Все это я разобрал гораздо после; в первую же минуту я видел только какую-то неясную массу и ужасно много, как мне казалось, крови.

Никто из солдат, заряжавших орудие, не сказал слова,— только рекрутик пробормотал что-то, вроде: «Вишь ты как, в кровь», — и Антонов, нахмурившись, крякнул сердито; но по всему заметно было, что мысль о смерти пробежала в душе каждого. Все с большей деятельностью принялись за дело. Орудие было заряжено в одно мгновение, и вожатый, принося картечь, шага на два обошел то место, на котором, продолжая стонать, лежал раненый.

Каждый бывший в деле, верно, испытывал то странное, хотя и не логическое, но сильное чувство отвращения от того места, на котором был убит или ранен кто-нибудь. Этому чувству заметно поддались в первую минуту мои солдаты, когда нужно было поднять Веленчука и перенести его на подъехавшую повозку. Жданов сердито подошел к раненому, несмотря на усилившийся крик его, взял под мышки и поднял его. «Что стали! берись!» — крикнул он, и тотчас же раненого окружили человек десять, даже ненужных, помощников. Но едва сдвинули его с места, как Веленчук начал кричать ужасно и рваться.

— Что кричишь, как заяц! — сказал Антонов грубо, удерживая его за ногу,— а не то бросим.

И раненый затих действительно, только изредка приговаривая: «Ох, смерть моя! о-ох, братцы мои!»

Когда же его положили на повозку, он даже перестал охать, и я слышал, что он что-то говорил с товарищами — должно быть, прощался — тихим, но внятным голосом.

В деле никто не любит смотреть на раненого, и я, инстинктивно торопясь удалиться от этого зрелища, приказал скорей везти его на перевязочный пункт и отошел к орудиям; но через несколько минут мне сказали, что Веленчук зовет меня, л я подошел к повозке.

На дне ее, ухватясь обеими руками за края, лежал раненый. Здоровое, широкое лицо его в несколько секунд совершенно изменилось: он как будто похудел и постарел несколькими годами, губы его были тонки, бледны и сжаты с видимым напряжением; торопливое и тупое выражение его взгляда заменил какой-то ясный, спокойный блеск, и на окровавленных лбу и носу уже лежали черты смерти.

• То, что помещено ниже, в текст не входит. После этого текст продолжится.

(* Let $H$ be a $k$-graph on vertex set $[n]$ ($n$ divisible by $q$) and let $r=r(n)\ll n^{k-3/2}$. Let $\sigma_1,\dots,\sigma_r$ be independent uniformly random permutations of $[n]$ and $D_i=D_{\sigma_i}$. Then with probability $1-o(n^{-1})$, for every $t$ with $1\le t\le 2q-k$, every set $S$ of $k+t$ vertices is condensed in at most $4q+1$ of the $D_i$.
   Context: Fixed integers $k,\ell$ with $1\le\ell<k/2$; $z=\lceil(k-\ell)/\ell\rceil$, $q=\ell z$. $a_n\ll b_n$ means $b_n/a_n\to\infty$. For ordered $q$-tuples $\mathbf v_1=(v_1,\dots,v_q)$, $\mathbf v_2=(v_{q+1},\dots,v_{2q})$ let $e_i(\mathbf v_1,\mathbf v_2)=\{v_{i\ell+1},\dots,v_{i\ell+k}\}$, $i=0,\dots,z-1$; $\mathbf v_1$ precedes $\mathbf v_2$ if all these are edges of $H$, and then $(\mathbf v_1,\mathbf v_2)$ owns these $z$ edges. For a permutation $\sigma$ of $[n]$, $D_\sigma$ has vertex set $\{(\sigma((i-1)q+1),\dots,\sigma(iq)):i\le n/q\}$ and an arc $\mathbf v\to\mathbf w$ ($\mathbf v\ne\mathbf w$) iff $\mathbf v$ precedes $\mathbf w$. Each edge $e$ of $H$ is owned by at most one arc $u_i(e)$ of $D_i$; if it exists, $\phi_i(e)$ denotes the set of $z$ edges owned by $u_i(e)$ (so $e\in\phi_i(e)$). A set $S$ of $k+t$ vertices is condensed in $D_i$ if there exist edges $e_1\neq e_2$ of $H$ with $S=e_1\cup e_2$ and $\phi_i(e_1)\cap\phi_i(e_2)\neq\emptyset$. *)

theory Defs
  imports Complex_Main "HOL-Combinatorics.Permutations" "HOL-Library.FuncSet"
begin

definition zpar :: "nat \<Rightarrow> nat \<Rightarrow> nat" where
  "zpar k l = nat \<lceil>real (k - l) / real l\<rceil>"

definition qpar :: "nat \<Rightarrow> nat \<Rightarrow> nat" where
  "qpar k l = l * zpar k l"

text \<open>A q-tuple is a list; the concatenation v = v1 @ v2 has v!(j-1) = v_j.
  e_i(v1,v2) = {v_{il+1}, ..., v_{il+k}}.\<close>
definition ewin :: "nat \<Rightarrow> nat \<Rightarrow> nat list \<Rightarrow> nat list \<Rightarrow> nat \<Rightarrow> nat set" where
  "ewin k l v1 v2 i = set (take k (drop (i * l) (v1 @ v2)))"

definition precedes :: "nat set set \<Rightarrow> nat \<Rightarrow> nat \<Rightarrow> nat list \<Rightarrow> nat list \<Rightarrow> bool" where
  "precedes H k l v1 v2 \<longleftrightarrow> (\<forall>i < zpar k l. ewin k l v1 v2 i \<in> H)"

definition owned :: "nat \<Rightarrow> nat \<Rightarrow> nat list \<Rightarrow> nat list \<Rightarrow> nat set set" where
  "owned k l v1 v2 = {ewin k l v1 v2 i | i. i < zpar k l}"

definition blk :: "nat \<Rightarrow> (nat \<Rightarrow> nat) \<Rightarrow> nat \<Rightarrow> nat list" where
  "blk q \<sigma> i = map \<sigma> [(i - 1) * q + 1 ..< i * q + 1]"

definition Dverts :: "nat \<Rightarrow> nat \<Rightarrow> nat \<Rightarrow> (nat \<Rightarrow> nat) \<Rightarrow> nat list set" where
  "Dverts k l n \<sigma> = {blk (qpar k l) \<sigma> i | i. 1 \<le> i \<and> i \<le> n div qpar k l}"

definition Darc :: "nat set set \<Rightarrow> nat \<Rightarrow> nat \<Rightarrow> nat \<Rightarrow> (nat \<Rightarrow> nat) \<Rightarrow> nat list \<Rightarrow> nat list \<Rightarrow> bool" where
  "Darc H k l n \<sigma> v w \<longleftrightarrow> v \<in> Dverts k l n \<sigma> \<and> w \<in> Dverts k l n \<sigma> \<and> v \<noteq> w \<and> precedes H k l v w"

Несмотря на то, что малейшее движение причиняло ему нестерпимые страдания, он просил снять с левой ноги чересок[2] с деньгами.

Ужасно тяжелое чувство произвел во мне вид его голой, белой и здоровой ноги, когда с нее сняли сапог и развязывали черес.

— Тут три монеты и полтинник,— сказал он мне в то время, как я брал в руки черес,— уж вы их сберегёте.

Повозка было тронулась, но он остановил ее.

— Я поручику Сулимовскому шинель работал. О-они мне две монеты дали. На полторы я пуговиц купил, а полтина у меня в мешке с пуговицами лежит. Отдайте.

— Хорошо, хорошо,— сказал я,— выздоравливай, братец!

Он не отвечал мне, повозка тронулась, и он снова начал стонать и охать самым ужасным, раздирающим душу голосом. Как будто, окончив мирские дела, он не находил больше причин удерживаться и считал теперь позволительным себе это облегчение.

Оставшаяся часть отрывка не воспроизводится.